DIRECTIONS »
Reprint the listing. Every line must match the original exactly.

====== SUPPLIED DATA ======

lemma sigma_sigma_cancel:
  assumes a: "a \<in> fa_carrier"
    and R: "\<And>m. m \<in> {1..4} \<Longrightarrow> Rmat \<theta> m k * Rmat \<theta> m l = 1"
  shows "sigma \<theta> k (sigma \<theta> l a) = a"
proof (rule ext)
  fix w
  have "set w \<subseteq> {1..4} \<Longrightarrow>
      prod_list (map (\<lambda>m. Rmat \<theta> m k) w) * prod_list (map (\<lambda>m. Rmat \<theta> m l) w) = 1"
    by (induct w) (auto simp: R algebra_simps)
  moreover have "a w \<noteq> 0 \<Longrightarrow> set w \<subseteq> {1..4}"
    using a by (auto simp: fa_carrier_def)
  ultimately show "sigma \<theta> k (sigma \<theta> l a) w = a w"
    by (cases "a w = 0") (auto simp: sigma_def mult.assoc[symmetric])
qed

lemma Rmat_Pmat_pair:
  assumes "m \<in> {1..4}" and "Pmat k l \<noteq> 0"
  shows "Rmat \<theta> m k * Rmat \<theta> m l = 1"
proof -
  have "(k, l) \<in> {(1,3), (2,4), (3,1), (4,2)}"
    using assms(2) by (auto simp: Pmat_def split: if_splits)
  moreover have "m \<in> {1, 2, 3, 4}"
    using assms(1) by auto
  ultimately show ?thesis
    by (auto simp: Rmat_def cis_mult)
qed

lemma fa_scal_sigma_sigma_Pmat:
  assumes "a \<in> fa_carrier" and "c \<noteq> 0 \<Longrightarrow> Pmat k l \<noteq> 0"
  shows "fa_scal c (sigma \<theta> k (sigma \<theta> l a)) = fa_scal c a"
proof (cases "c = 0")
  case False
  then have "Pmat k l \<noteq> 0"
    using assms(2) by blast
  then have "sigma \<theta> k (sigma \<theta> l a) = a"
    using assms(1) Rmat_Pmat_pair sigma_sigma_cancel by blast
  then show ?thesis by simp
qed simp

lemma Pmat_square:
  assumes "i \<in> {1..4}" and "k \<in> {1..4}"
  shows "(\<Sum>j\<in>{1..4}. Pmat i j * Pmat j k) = (if i = k then 1 else 0)"
proof -
  have four: "{1..4::nat} = {1, 2, 3, 4}" by auto
  from assms show ?thesis
    unfolding four by (auto simp: Pmat_def)
qed

lemma g_up_g_low_inverse:
  assumes "i \<in> {1..4}" and "k \<in> {1..4}"
  shows "(\<Sum>j\<in>{1..4}. g_up i j * g_low j k) = (if i = k then 1 else 0)"
proof -
  have "g_up i j * g_low j k = Pmat i j * Pmat j k" for j
    by (simp add: g_up_def g_low_def)
  with Pmat_square[OF assms] show ?thesis by simp
qed

lemma g_low_g_up_inverse:
  assumes "i \<in> {1..4}" and "k \<in> {1..4}"
  shows "(\<Sum>j\<in>{1..4}. g_low i j * g_up j k) = (if i = k then 1 else 0)"
proof -
  have "g_low i j * g_up j k = Pmat i j * Pmat j k" for j
    by (simp add: g_up_def g_low_def)
  with Pmat_square[OF assms] show ?thesis by simp
qed

lemma gmet_in_tt_carrier: "gmet \<in> tt_carrier"
  by (auto simp: tt_carrier_def gmet_def fa_carrier_const)

lemma tt_lact_gmet:
  "tt_lact a gmet = (\<lambda>k l. if k \<in> {1..4} \<and> l \<in> {1..4} then fa_scal (g_low k l) a else 0)"
  by (intro ext) (simp add: tt_lact_def gmet_def fa_mult_const_right)

lemma fa_scal_g_low_sigma_sigma:
  "a \<in> fa_carrier \<Longrightarrow> fa_scal (g_low k l) (sigma \<theta> k (sigma \<theta> l a)) = fa_scal (g_low k l) a"
  by (rule fa_scal_sigma_sigma_Pmat) (simp_all add: g_low_def)

lemma gmet_central:
  assumes "a \<in> fa_carrier"
  shows "tt_eq \<theta> (tt_lact a gmet) (tt_ract \<theta> gmet a)"
proof (rule tt_eqI)
  fix k l :: nat
  assume "k \<in> {1..4}" and "l \<in> {1..4}"
  then show "tt_lact a gmet k l = tt_ract \<theta> gmet a k l"
    using fa_scal_g_low_sigma_sigma[OF assms]
    by (simp add: tt_lact_def tt_ract_def gmet_def fa_mult_const_left fa_mult_const_right)
qed

lemma bimod_map_A_tt_lact_gmet: "bimod_map_A_tt \<theta> (\<lambda>a. tt_lact a gmet)"
proof -
  define G where "G a = (\<lambda>k l. if k \<in> {1..4} \<and> l \<in> {1..4} then fa_scal (g_low k l) a else 0)"
    for a
  have G_apply: "G a k l = fa_scal (g_low k l) a" if "k \<in> {1..4}" and "l \<in> {1..4}" for a k l
    using that by (simp add: G_def)
  have "bimod_map_A_tt \<theta> G"
    unfolding bimod_map_A_tt_def
  proof (intro conjI ballI allI impI)
    fix a assume "a \<in> fa_carrier"
    then show "G a \<in> tt_carrier"
      by (auto simp: G_def tt_carrier_def fa_carrier_scal)
  next
    fix a b assume "A_eq \<theta> a b"
    then show "tt_eq \<theta> (G a) (G b)"
      by (simp add: tt_eq_def A_eq_def G_apply fa_ideal_scal flip: fa_scal_diff)
  next
    fix a b show "tt_eq \<theta> (G (a + b)) (G a + G b)"
      by (rule tt_eqI) (simp add: G_apply fa_scal_add)
  next
    fix c a show "tt_eq \<theta> (G (fa_scal c a)) (\<lambda>k l. fa_scal c (G a k l))"
      by (rule tt_eqI) (simp add: G_apply fa_scal_scal mult.commute)
  next
    fix a b show "tt_eq \<theta> (G (a \<star> b)) (tt_lact a (G b))"
      by (rule tt_eqI) (simp add: G_apply tt_lact_def fa_mult_scal_right)
  next
    fix a b assume "b \<in> fa_carrier"
    then show "tt_eq \<theta> (G (a \<star> b)) (tt_ract \<theta> (G a) b)"
      using fa_scal_g_low_sigma_sigma
      by (intro tt_eqI) (simp add: G_apply tt_ract_def fa_mult_scal_left flip: fa_mult_scal_right)
  qed
  moreover have "(\<lambda>a. tt_lact a gmet) = G"
    by (simp add: fun_eq_iff G_def tt_lact_gmet)
  ultimately show ?thesis
    by simp
qed

lemma ginv_eq: "ginv X = (\<Sum>i\<in>{1..4}. \<Sum>j\<in>{1..4}. fa_scal (g_up i j) (X i j))"
  by (simp add: ginv_def fa_mult_const_right)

======

RESULT FOR THIS EXERCISE »
lemma sigma_sigma_cancel:
  assumes a: "a \<in> fa_carrier"
    and R: "\<And>m. m \<in> {1..4} \<Longrightarrow> Rmat \<theta> m k * Rmat \<theta> m l = 1"
  shows "sigma \<theta> k (sigma \<theta> l a) = a"
proof (rule ext)
  fix w
  have "set w \<subseteq> {1..4} \<Longrightarrow>
      prod_list (map (\<lambda>m. Rmat \<theta> m k) w) * prod_list (map (\<lambda>m. Rmat \<theta> m l) w) = 1"
    by (induct w) (auto simp: R algebra_simps)
  moreover have "a w \<noteq> 0 \<Longrightarrow> set w \<subseteq> {1..4}"
    using a by (auto simp: fa_carrier_def)
  ultimately show "sigma \<theta> k (sigma \<theta> l a) w = a w"
    by (cases "a w = 0") (auto simp: sigma_def mult.assoc[symmetric])
qed

lemma Rmat_Pmat_pair:
  assumes "m \<in> {1..4}" and "Pmat k l \<noteq> 0"
  shows "Rmat \<theta> m k * Rmat \<theta> m l = 1"
proof -
  have "(k, l) \<in> {(1,3), (2,4), (3,1), (4,2)}"
    using assms(2) by (auto simp: Pmat_def split: if_splits)
  moreover have "m \<in> {1, 2, 3, 4}"
    using assms(1) by auto
  ultimately show ?thesis
    by (auto simp: Rmat_def cis_mult)
qed

lemma fa_scal_sigma_sigma_Pmat:
  assumes "a \<in> fa_carrier" and "c \<noteq> 0 \<Longrightarrow> Pmat k l \<noteq> 0"
  shows "fa_scal c (sigma \<theta> k (sigma \<theta> l a)) = fa_scal c a"
proof (cases "c = 0")
  case False
  then have "Pmat k l \<noteq> 0"
    using assms(2) by blast
  then have "sigma \<theta> k (sigma \<theta> l a) = a"
    using assms(1) Rmat_Pmat_pair sigma_sigma_cancel by blast
  then show ?thesis by simp
qed simp

lemma Pmat_square:
  assumes "i \<in> {1..4}" and "k \<in> {1..4}"
  shows "(\<Sum>j\<in>{1..4}. Pmat i j * Pmat j k) = (if i = k then 1 else 0)"
proof -
  have four: "{1..4::nat} = {1, 2, 3, 4}" by auto
  from assms show ?thesis
    unfolding four by (auto simp: Pmat_def)
qed

lemma g_up_g_low_inverse:
  assumes "i \<in> {1..4}" and "k \<in> {1..4}"
  shows "(\<Sum>j\<in>{1..4}. g_up i j * g_low j k) = (if i = k then 1 else 0)"
proof -
  have "g_up i j * g_low j k = Pmat i j * Pmat j k" for j
    by (simp add: g_up_def g_low_def)
  with Pmat_square[OF assms] show ?thesis by simp
qed

lemma g_low_g_up_inverse:
  assumes "i \<in> {1..4}" and "k \<in> {1..4}"
  shows "(\<Sum>j\<in>{1..4}. g_low i j * g_up j k) = (if i = k then 1 else 0)"
proof -
  have "g_low i j * g_up j k = Pmat i j * Pmat j k" for j
    by (simp add: g_up_def g_low_def)
  with Pmat_square[OF assms] show ?thesis by simp
qed

lemma gmet_in_tt_carrier: "gmet \<in> tt_carrier"
  by (auto simp: tt_carrier_def gmet_def fa_carrier_const)

lemma tt_lact_gmet:
  "tt_lact a gmet = (\<lambda>k l. if k \<in> {1..4} \<and> l \<in> {1..4} then fa_scal (g_low k l) a else 0)"
  by (intro ext) (simp add: tt_lact_def gmet_def fa_mult_const_right)

lemma fa_scal_g_low_sigma_sigma:
  "a \<in> fa_carrier \<Longrightarrow> fa_scal (g_low k l) (sigma \<theta> k (sigma \<theta> l a)) = fa_scal (g_low k l) a"
  by (rule fa_scal_sigma_sigma_Pmat) (simp_all add: g_low_def)

lemma gmet_central:
  assumes "a \<in> fa_carrier"
  shows "tt_eq \<theta> (tt_lact a gmet) (tt_ract \<theta> gmet a)"
proof (rule tt_eqI)
  fix k l :: nat
  assume "k \<in> {1..4}" and "l \<in> {1..4}"
  then show "tt_lact a gmet k l = tt_ract \<theta> gmet a k l"
    using fa_scal_g_low_sigma_sigma[OF assms]
    by (simp add: tt_lact_def tt_ract_def gmet_def fa_mult_const_left fa_mult_const_right)
qed

lemma bimod_map_A_tt_lact_gmet: "bimod_map_A_tt \<theta> (\<lambda>a. tt_lact a gmet)"
proof -
  define G where "G a = (\<lambda>k l. if k \<in> {1..4} \<and> l \<in> {1..4} then fa_scal (g_low k l) a else 0)"
    for a
  have G_apply: "G a k l = fa_scal (g_low k l) a" if "k \<in> {1..4}" and "l \<in> {1..4}" for a k l
    using that by (simp add: G_def)
  have "bimod_map_A_tt \<theta> G"
    unfolding bimod_map_A_tt_def
  proof (intro conjI ballI allI impI)
    fix a assume "a \<in> fa_carrier"
    then show "G a \<in> tt_carrier"
      by (auto simp: G_def tt_carrier_def fa_carrier_scal)
  next
    fix a b assume "A_eq \<theta> a b"
    then show "tt_eq \<theta> (G a) (G b)"
      by (simp add: tt_eq_def A_eq_def G_apply fa_ideal_scal flip: fa_scal_diff)
  next
    fix a b show "tt_eq \<theta> (G (a + b)) (G a + G b)"
      by (rule tt_eqI) (simp add: G_apply fa_scal_add)
  next
    fix c a show "tt_eq \<theta> (G (fa_scal c a)) (\<lambda>k l. fa_scal c (G a k l))"
      by (rule tt_eqI) (simp add: G_apply fa_scal_scal mult.commute)
  next
    fix a b show "tt_eq \<theta> (G (a \<star> b)) (tt_lact a (G b))"
      by (rule tt_eqI) (simp add: G_apply tt_lact_def fa_mult_scal_right)
  next
    fix a b assume "b \<in> fa_carrier"
    then show "tt_eq \<theta> (G (a \<star> b)) (tt_ract \<theta> (G a) b)"
      using fa_scal_g_low_sigma_sigma
      by (intro tt_eqI) (simp add: G_apply tt_ract_def fa_mult_scal_left flip: fa_mult_scal_right)
  qed
  moreover have "(\<lambda>a. tt_lact a gmet) = G"
    by (simp add: fun_eq_iff G_def tt_lact_gmet)
  ultimately show ?thesis
    by simp
qed

lemma ginv_eq: "ginv X = (\<Sum>i\<in>{1..4}. \<Sum>j\<in>{1..4}. fa_scal (g_up i j) (X i j))"
  by (simp add: ginv_def fa_mult_const_right)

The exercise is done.